Our staff at Law Enforcement Today was speechless when we found out that there were officers ANYWHERE in America that were unarmed.

So we made some phone calls and very quickly, three companies partnered up to send some protection up north to our Blue family.

“We were encouraged to see that once again, a well-armed citizen had the backs of police officers,” said Kyle Reyes, National Spokesman for Law Enforcement Today.  “But we had to do something to help.”

The first call was to Mike Mihalski, owner of Sons of Liberty Gun Works. 

Mike couldn’t believe the story.

“This just goes to reaffirm the importance of the Second Amendment,” said Mike.  “The fact of the matter is that criminals don’t care about the law.  This is a prime example of what could happen by disarming law abiding citizens.”

Mihalski didn’t hesitate.

“We’re sending those guys four bad ass rifles,” he said.

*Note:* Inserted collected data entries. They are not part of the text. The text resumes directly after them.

(* Let $(c_i)_{i\ge 1}$ be a sequence of costs with $c_i\in(0,\infty)$, and set $a_i=\frac{c_i}{1+c_i}$. For each $n\ge 2$ consider the one-shot random access game $G(n,\mathbf{c}_n)$ with $\mathbf{c}_n=(c_1,\dots,c_n)$ (defined in the context), and assume that for every $n\ge 2$ this game has a fully-mixed Nash equilibrium (FMNE). Let $p_{i,n}$ denote the transmission probability of transmitter $i$ at this FMNE, and let $S_n=\sum_{i=1}^n X_i^{(n)}$, where $X_1^{(n)},\dots,X_n^{(n)}$ are independent $\{0,1\}$-valued random variables with $\mathbb{P}\{X_i^{(n)}=1\}=p_{i,n}$ (the actions of the transmitters at the FMNE). Then: (i) $S_n$ converges in distribution as $n\to\infty$ if and only if $\lim_{n\to\infty}\sum_{i=1}^n p_{i,n}$ exists and lies in $(0,\infty)$; (ii) moreover, for any $\epsilon>0$ there exist a Poisson random variable $Po(\lambda)$ and finitely many Bernoulli random variables $Bern(p_1),\dots,Bern(p_K)$, all mutually independent, such that $$\limsup_{n\to\infty} d_V\Big(S_n,\ Po(\lambda)+\sum_{k=1}^K Bern(p_k)\Big)\le \epsilon .$$
   Context: The game $G(n,\mathbf{c})$, for $\mathbf{c}=(c_1,\dots,c_n)\in(0,\infty)^n$, is the strategic game with player set $\{1,\dots,n\}$ (transmitters), action set $\{0,1\}$ for each player ($1$ = transmit, $0$ = back off), and utilities: $u_i(\mathbf{a})=0$ if $a_i=0$; $u_i(\mathbf{a})=1$ if $a_i=1$ and $\sum_j a_j=1$; $u_i(\mathbf{a})=-c_i$ if $a_i=1$ and $\sum_j a_j\ge 2$. Players use independent mixed strategies (transmission probabilities). A fully-mixed Nash equilibrium is a mixed-strategy Nash equilibrium in which every player transmits with probability strictly in $(0,1)$. (Equivalently: the FMNE of $G(n,\mathbf{c}_n)$ exists iff $a_i>\big(\prod_{j=1}^n a_j\big)^{1/(n-1)}$ for all $1\le i\le n$, and then it is unique with $p_{i,n}=1-a_i^{-1}\big(\prod_{j=1}^n a_j\big)^{1/(n-1)}$.) $Po(\lambda)$ denotes a Poisson random variable with mean $\lambda$ and $Bern(p)$ a $\{0,1\}$-valued Bernoulli random variable with mean $p$; a sum of independent random variables inside $d_V$ refers to the convolution of their distributions. For distributions $\mu,\nu$ on $\mathbb{Z}$, the variational distance is $d_V(\mu,\nu)=\sum_{z\in\mathbb{Z}}|\mu(z)-\nu(z)|$, and $d_V(X,Y)$ means the distance between the distributions of $X$ and $Y$. *)

theory Defs
  imports "HOL-Probability.Probability"
begin

text \<open>Players are 1..n; action profiles assign 0 (back off) or 1 (transmit) to each player.\<close>

definition profiles :: "nat \<Rightarrow> (nat \<Rightarrow> nat) set" where
  "profiles n = Pi\<^sub>E {1..n} (\<lambda>_. {0, 1})"

definition utility :: "(nat \<Rightarrow> real) \<Rightarrow> nat \<Rightarrow> nat \<Rightarrow> (nat \<Rightarrow> nat) \<Rightarrow> real" where
  "utility c n i a =
     (if a i = 0 then 0
      else if (\<Sum>j\<in>{1..n}. a j) = 1 then 1
      else - c i)"

definition profile_prob :: "nat \<Rightarrow> (nat \<Rightarrow> real) \<Rightarrow> (nat \<Rightarrow> nat) \<Rightarrow> real" where
  "profile_prob n p a = (\<Prod>j\<in>{1..n}. if a j = 1 then p j else 1 - p j)"

definition exp_utility :: "(nat \<Rightarrow> real) \<Rightarrow> nat \<Rightarrow> (nat \<Rightarrow> real) \<Rightarrow> nat \<Rightarrow> real" where
  "exp_utility c n p i = (\<Sum>a\<in>profiles n. profile_prob n p a * utility c n i a)"

definition mixed_NE :: "(nat \<Rightarrow> real) \<Rightarrow> nat \<Rightarrow> (nat \<Rightarrow> real) \<Rightarrow> bool" where
  "mixed_NE c n p \<longleftrightarrow>
     (\<forall>i\<in>{1..n}. 0 \<le> p i \<and> p i \<le> 1) \<and>
     (\<forall>i\<in>{1..n}. \<forall>q. 0 \<le> q \<and> q \<le> 1 \<longrightarrow> exp_utility c n (p(i := q)) i \<le> exp_utility c n p i)"

definition FMNE :: "(nat \<Rightarrow> real) \<Rightarrow> nat \<Rightarrow> (nat \<Rightarrow> real) \<Rightarrow> bool" where
  "FMNE c n p \<longleftrightarrow> mixed_NE c n p \<and> (\<forall>i\<in>{1..n}. 0 < p i \<and> p i < 1)"

fun bern_sum_pmf :: "(nat \<Rightarrow> real) \<Rightarrow> nat \<Rightarrow> nat pmf" where
  "bern_sum_pmf p 0 = return_pmf 0"
| "bern_sum_pmf p (Suc k) =
     bind_pmf (bern_sum_pmf p k) (\<lambda>s. map_pmf (\<lambda>b. s + (if b then 1 else 0)) (bernoulli_pmf (p (Suc k))))"

definition conv_pmf :: "nat pmf \<Rightarrow> nat pmf \<Rightarrow> nat pmf" where
  "conv_pmf M N = bind_pmf M (\<lambda>x. map_pmf (\<lambda>y. x + y) N)"

text \<open>Variational distance (sum of absolute differences, no factor 1/2).\<close>
definition dV :: "nat pmf \<Rightarrow> nat pmf \<Rightarrow> real" where
  "dV M N = (\<Sum>z. \<bar>pmf M z - pmf N z\<bar>)"

end

theory Submission
  imports Defs
begin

Sons of Liberty Gun Works has absolutely exploded in the firearms market.  And although they make no bones about wanting to create the best rifles possible for civilians – they’ve developed a huge following in the law enforcement market as well.

“We’ve lost count of how many rifles we’ve made for police departments across the country.  Now we’re going to send four of them up to these guys in Alaska so they can actually protect themselves in the future.”

Teaming up with Mihalski is Primary Arms, which has offered to equip with rifles with four precision rifle optics – arguably the best in the world.

Özge S. Cumberland is the Vice President of Primary Arms. 

“The reason why we are so passionate about the products we make is because they can quite literally be the difference between life and death.  We believe that all citizens and police officers should have the absolute best equipment possible to protect themselves, their families and their communities.”

Matthew Wolfe is the Vice President of Inforce, which makes the top weapon mounted lights.  Wolfe didn’t hesitate to throw in his support as well and equip the rifles with top-of-the-line IR lights.

“We often hear people debating about whether law enforcement should be allowed to have guns and gear that every regular citizens can’t legally possess.  But this?  This is just ridiculous.  How do you have a police department that doesn’t have the gear needed to keep their officers and everyone else safe?”

Here’s what it comes down to.

A mass casualty event was barely avoided.  Some would call it an act of God or a miracle.  Others would call it dumb luck.  Still others would say you can thank the Second Amendment. 

But these three companies have stepped up to make sure that in the future, the department will have some way of protecting itself – and not relying on the people they are supposed to be protecting.